▸ EXERCISE OBJECTIVE:
Throughout the records below, find each line holding "projective" and copy it.

▸ PROVIDED INFORMATION:
(* If $d$ is a squarefree integer such that $H^d(\mathbb{Q})\neq\emptyset$, then $H^d(\mathbb{Q})$ is infinite.
   Context: $H^d$ denotes the genus one curve $d y^2=(x^2-x-3)(x^2+2x-12)$ (smooth projective model). *)

theory Defs
  imports Complex_Main "HOL-Computational_Algebra.Squarefree"
begin

text \<open>Homogenised quartic: F(X,Z) = Z^4 f(X/Z) with f(x) = (x^2-x-3)(x^2+2x-12).\<close>
definition quarticF :: "rat \<Rightarrow> rat \<Rightarrow> rat" where
  "quarticF X Z = (X^2 - X*Z - 3*Z^2) * (X^2 + 2*X*Z - 12*Z^2)"

text \<open>Smooth projective model of d y^2 = f(x) in the weighted projective plane P(1,2,1):
  nonzero rational triples (X,Y,Z) with d Y^2 = F(X,Z), modulo (X,Y,Z) ~ (l X, l^2 Y, l Z).
  Affine points (x,y) correspond to (x,y,1); Z = 0 gives the points at infinity.\<close>
definition H_cone :: "int \<Rightarrow> (rat \<times> rat \<times> rat) set" where
  "H_cone d = {(X,Y,Z). (X,Y,Z) \<noteq> (0,0,0) \<and> of_int d * Y^2 = quarticF X Z}"

definition wproj_rel :: "((rat \<times> rat \<times> rat) \<times> (rat \<times> rat \<times> rat)) set" where
  "wproj_rel = {((X,Y,Z),(X',Y',Z')). \<exists>l::rat. l \<noteq> 0 \<and> X' = l*X \<and> Y' = l^2*Y \<and> Z' = l*Z}"

definition H_rat_points :: "int \<Rightarrow> (rat \<times> rat \<times> rat) set set" where
  "H_rat_points d = H_cone d // wproj_rel"

end

theory Submission
  imports Defs
begin

(*
  The quartic admits a polynomial self-map of degree 9: for binary forms N, D of degree 9 and S
  of degree 16 one has F(N, D) = S^2 F, so (X, Y, Z) |-> (N(X,Z), S(X,Z) Y, D(X,Z)) maps H^d(Q)
  to itself for every d. On a primitive integral representative (p, q) the height
  H = max(|p|, |q|) strictly increases: Bezout identities show that gcd(N(p,q), D(p,q)) divides
  R = 2^14 3^8 13, while certified lower bounds on both affine charts give
  max(|N(p,q)|, |D(p,q)|) >= H^9 / 100. For H > 25 this exceeds R H, and the finitely many smaller
  primitive pairs are checked by evaluation. So the heights along the orbit of one rational point
  increase strictly, and the orbit consists of infinitely many distinct points.
*)

lemma infinite_if_height_increasing_self_map:
  fixes h :: "'a \<Rightarrow> 'b::linorder" and f :: "'a \<Rightarrow> 'a" and c :: "'a \<Rightarrow> 'c"
  assumes "P s\<^sub>0"
    and "\<And>s. P s \<Longrightarrow> P (f s)" "\<And>s. P s \<Longrightarrow> h s < h (f s)"
    and "\<And>s. P s \<Longrightarrow> c s \<in> A"
    and "\<And>s s'. P s \<Longrightarrow> P s' \<Longrightarrow> c s = c s' \<Longrightarrow> h s = h s'"
  shows "infinite A"
proof -
  define orbit where "orbit n = (f ^^ n) s\<^sub>0" for n
  have P_orbit: "P (orbit n)" for n
    by (induction n) (simp_all add: orbit_def assms(1,2))
  have "strict_mono (h \<circ> orbit)"
    using P_orbit assms(3) by (simp add: strict_mono_Suc_iff orbit_def)
  then have "inj (c \<circ> orbit)"
    using P_orbit assms(5) by (auto intro!: injI dest: strict_mono_eq)
  then have "infinite (range (c \<circ> orbit))"
    using finite_imageD by blast
  moreover have "range (c \<circ> orbit) \<subseteq> A"
    using P_orbit assms(4) by auto
  ultimately show ?thesis
    using finite_subset by blast
qed

lemma coprime_proportional_abs_eq_1:
  fixes p q p' q' :: int and l :: rat
  assumes "coprime p q" "coprime p' q'"
    and "of_int p' = l * of_int p" "of_int q' = l * of_int q"
  shows "\<bar>l\<bar> = 1"
proof -
  obtain a b where ab: "quotient_of l = (a, b)"
    by (cases "quotient_of l") auto
  have l: "l = of_int a / of_int b" and "0 < b" and "coprime a b"
    using quotient_of_div[OF ab] quotient_of_denom_pos[OF ab] quotient_of_coprime[OF ab] by auto
  have "of_int (b * p') = (of_int (a * p) :: rat)" "of_int (b * q') = (of_int (a * q) :: rat)"
    using assms(3,4) \<open>0 < b\<close> by (simp_all add: l field_simps)
  then have p': "b * p' = a * p" and q': "b * q' = a * q"
    by (simp_all only: of_int_eq_iff)
  then have "b dvd p" "b dvd q"
    using \<open>coprime a b\<close> by (metis coprime_commute coprime_dvd_mult_right_iff dvd_triv_left)+
  then have "b = 1"
    using \<open>0 < b\<close> assms(1) coprime_common_divisor by fastforce
  then have "a dvd p'" "a dvd q'"
    using p' q' by simp_all
  then have "\<bar>a\<bar> = 1"
    using assms(2) coprime_common_divisor by fastforce
  then show ?thesis
    using \<open>b = 1\<close> l by simp
qed
lemma (in pair_prob_space) bind_pair_measure:
  assumes C: "(\<lambda>(x, y). C x y) \<in> M1 \<Otimes>\<^sub>M M2 \<rightarrow>\<^sub>M subprob_algebra N"
  shows "(M1 \<Otimes>\<^sub>M M2) \<bind> (\<lambda>(x, y). C x y) = M1 \<bind> (\<lambda>x. M2 \<bind> (\<lambda>y. C x y))"
proof -
  let ?pair = "\<lambda>x. M2 \<bind> (\<lambda>y. return (M1 \<Otimes>\<^sub>M M2) (x, y))"
  have pair: "?pair \<in> M1 \<rightarrow>\<^sub>M subprob_algebra (M1 \<Otimes>\<^sub>M M2)"
    by (rule measurable_bind[where N=M2]) (auto intro!: measurable_const M2.M_in_subprob simp: return_measurable)
  have "(M1 \<Otimes>\<^sub>M M2) \<bind> (\<lambda>(x, y). C x y) = (M1 \<bind> ?pair) \<bind> (\<lambda>(x, y). C x y)"
    by (rule arg_cong[where f="\<lambda>M. M \<bind> (\<lambda>(x, y). C x y)"], rule pair_measure_eq_bind)
  also have "\<dots> = M1 \<bind> (\<lambda>x. ?pair x \<bind> (\<lambda>(x, y). C x y))"
    by (rule bind_assoc[OF pair C])
  also have "\<dots> = M1 \<bind> (\<lambda>x. M2 \<bind> (\<lambda>y. C x y))"
  proof (rule bind_cong[OF refl])
    fix x assume x: "x \<in> space M1"
    have "?pair x \<bind> (\<lambda>(x, y). C x y) = M2 \<bind> (\<lambda>y. return (M1 \<Otimes>\<^sub>M M2) (x, y) \<bind> (\<lambda>(x, y). C x y))"
      using x by (intro bind_assoc[OF _ C]) (auto simp: return_measurable)
    also have "\<dots> = M2 \<bind> (\<lambda>y. C x y)"
      using x by (intro bind_cong refl) (auto simp: bind_return[OF C] space_pair_measure)
    finally show "?pair x \<bind> (\<lambda>(x, y). C x y) = M2 \<bind> (\<lambda>y. C x y)" .
  qed
  finally show ?thesis .
qed

section \<open>The Donsker--Varadhan inequality\<close>

lemma mult_le_entropy_conjugate:
  fixes f y :: real
  assumes "0 \<le> f"
  shows "f * y \<le> f * ln f - f + exp y"
proof (cases "f = 0")
  case False
  then have "f > 0" using assms by simp
  have "1 + (y - ln f) \<le> exp (y - ln f)" by (rule exp_ge_add_one_self)
  also have "\<dots> = exp y / f" using \<open>f > 0\<close> by (simp add: exp_diff)
  finally have "f * (1 + (y - ln f)) \<le> exp y" using \<open>f > 0\<close> by (simp add: field_simps)
  then show ?thesis by (simp add: algebra_simps)
qed simp
theorem countable_intersection_property_imp_real_max_ideal:
  assumes cip: "\<forall>F. F \<subseteq> zero_set X ` M \<and> countable F \<and> F \<noteq> {} \<longrightarrow> \<Inter>F \<noteq> {}"
  shows "real_max_ideal X M"
  unfolding real_max_ideal_iff
proof
  fix f assume f: "f \<in> baire_one X"
  define S where "S q = (if {x \<in> topspace X. q \<le> f x} \<in> zero_set X ` M
    then {x \<in> topspace X. q \<le> f x} else {x \<in> topspace X. f x \<le> q})" for q
  have S: "S q \<in> zero_set X ` M" for q
    using max_ideal_upper_or_lower_level_set[OF f, of q] by (auto simp: S_def)
  have S_level: "S q = {x \<in> topspace X. q \<le> f x} \<or> S q = {x \<in> topspace X. f x \<le> q}" for q
    by (simp add: S_def)
  have S_countable: "countable (S ` \<rat>)" by (simp add: countable_rat)
  have f_constant: "f x = f y" if "x \<in> \<Inter>(S ` \<rat>)" "y \<in> \<Inter>(S ` \<rat>)" for x y
  proof (rule ccontr)
    assume "f x \<noteq> f y"
    then have "min (f x) (f y) < max (f x) (f y)" by linarith
    then obtain q where q: "q \<in> \<rat>" "min (f x) (f y) < q" "q < max (f x) (f y)"
      using Rats_dense_in_real by blast
    have "x \<in> S q" "y \<in> S q" using that q(1) by auto
    with S_level[of q] q(2,3) show False
      by (auto simp: min_less_iff_disj less_max_iff_disj)
  qed
  have "S ` \<rat> \<subseteq> zero_set X ` M" "S ` \<rat> \<noteq> {}"
    using S Rats_0 by auto
  then obtain x0 where x0: "x0 \<in> \<Inter>(S ` \<rat>)"
    using cip S_countable by blast
  show "\<exists>c. (\<lambda>x. f x - const_fun X c x) \<in> M"
  proof (rule ccontr)
    assume "\<nexists>c. (\<lambda>x. f x - const_fun X c x) \<in> M"
    then have not_in: "(\<lambda>x. f x - const_fun X (f x0) x) \<notin> M" by blast
    have "(\<lambda>x. f x - const_fun X (f x0) x) \<in> baire_one X"
      by (intro baire_one_diff f baire_one_const)
    then obtain m h where m: "m \<in> M" and "h \<in> baire_one X"
      and e: "\<And>x. x \<in> topspace X \<Longrightarrow> m x + h x * (f x - const_fun X (f x0) x) = 1"
      using max_ideal_comaximal not_in by blast
    have "\<Inter>(insert (zero_set X m) (S ` \<rat>)) \<noteq> {}"
      using m S S_countable by (intro cip[rule_format]) auto
    then obtain x where x: "x \<in> zero_set X m" "x \<in> \<Inter>(S ` \<rat>)" by auto
    then have "x \<in> topspace X" "m x = 0" "f x = f x0"
      using f_constant[OF _ x0] by (auto simp: zero_set_def)
    with e[of x] show False by (simp add: const_fun_def)
  qed
qed

end

theorem theorem4p26:
  fixes X :: "'a topology" and M :: "('a \<Rightarrow> real) set"
  assumes "maximalideal M (B1_ring X)"
  shows "(real_max_ideal X M \<longleftrightarrow>
            (\<forall>F. F \<subseteq> zero_set X ` M \<and> countable F \<and> F \<noteq> {} \<longrightarrow> \<Inter>F \<in> zero_set X ` M))
       \<and> (real_max_ideal X M \<longleftrightarrow>
            (\<forall>F. F \<subseteq> zero_set X ` M \<and> countable F \<and> F \<noteq> {} \<longrightarrow> \<Inter>F \<noteq> {}))"
proof -
  let ?closed = "\<forall>F. F \<subseteq> zero_set X ` M \<and> countable F \<and> F \<noteq> {} \<longrightarrow> \<Inter>F \<in> zero_set X ` M"
  let ?cip = "\<forall>F. F \<subseteq> zero_set X ` M \<and> countable F \<and> F \<noteq> {} \<longrightarrow> \<Inter>F \<noteq> {}"
  have real_closed: "real_max_ideal X M \<Longrightarrow> ?closed"
    using real_max_ideal_countable_Inter[OF assms] by blast
  have "Z \<noteq> {}" if "Z \<in> zero_set X ` M" for Z
    using that max_ideal_has_zero[OF assms] by (force simp: zero_set_def)
  then have closed_cip: "?closed \<Longrightarrow> ?cip" by blast
  have cip_real: "?cip \<Longrightarrow> real_max_ideal X M"
    by (rule countable_intersection_property_imp_real_max_ideal[OF assms])
  show ?thesis using real_closed closed_cip cip_real by argo
qed

end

▸ ANSWER FOR THIS EXERCISE:
   Context: $H^d$ denotes the genus one curve $d y^2=(x^2-x-3)(x^2+2x-12)$ (smooth projective model). *)
text \<open>Smooth projective model of d y^2 = f(x) in the weighted projective plane P(1,2,1):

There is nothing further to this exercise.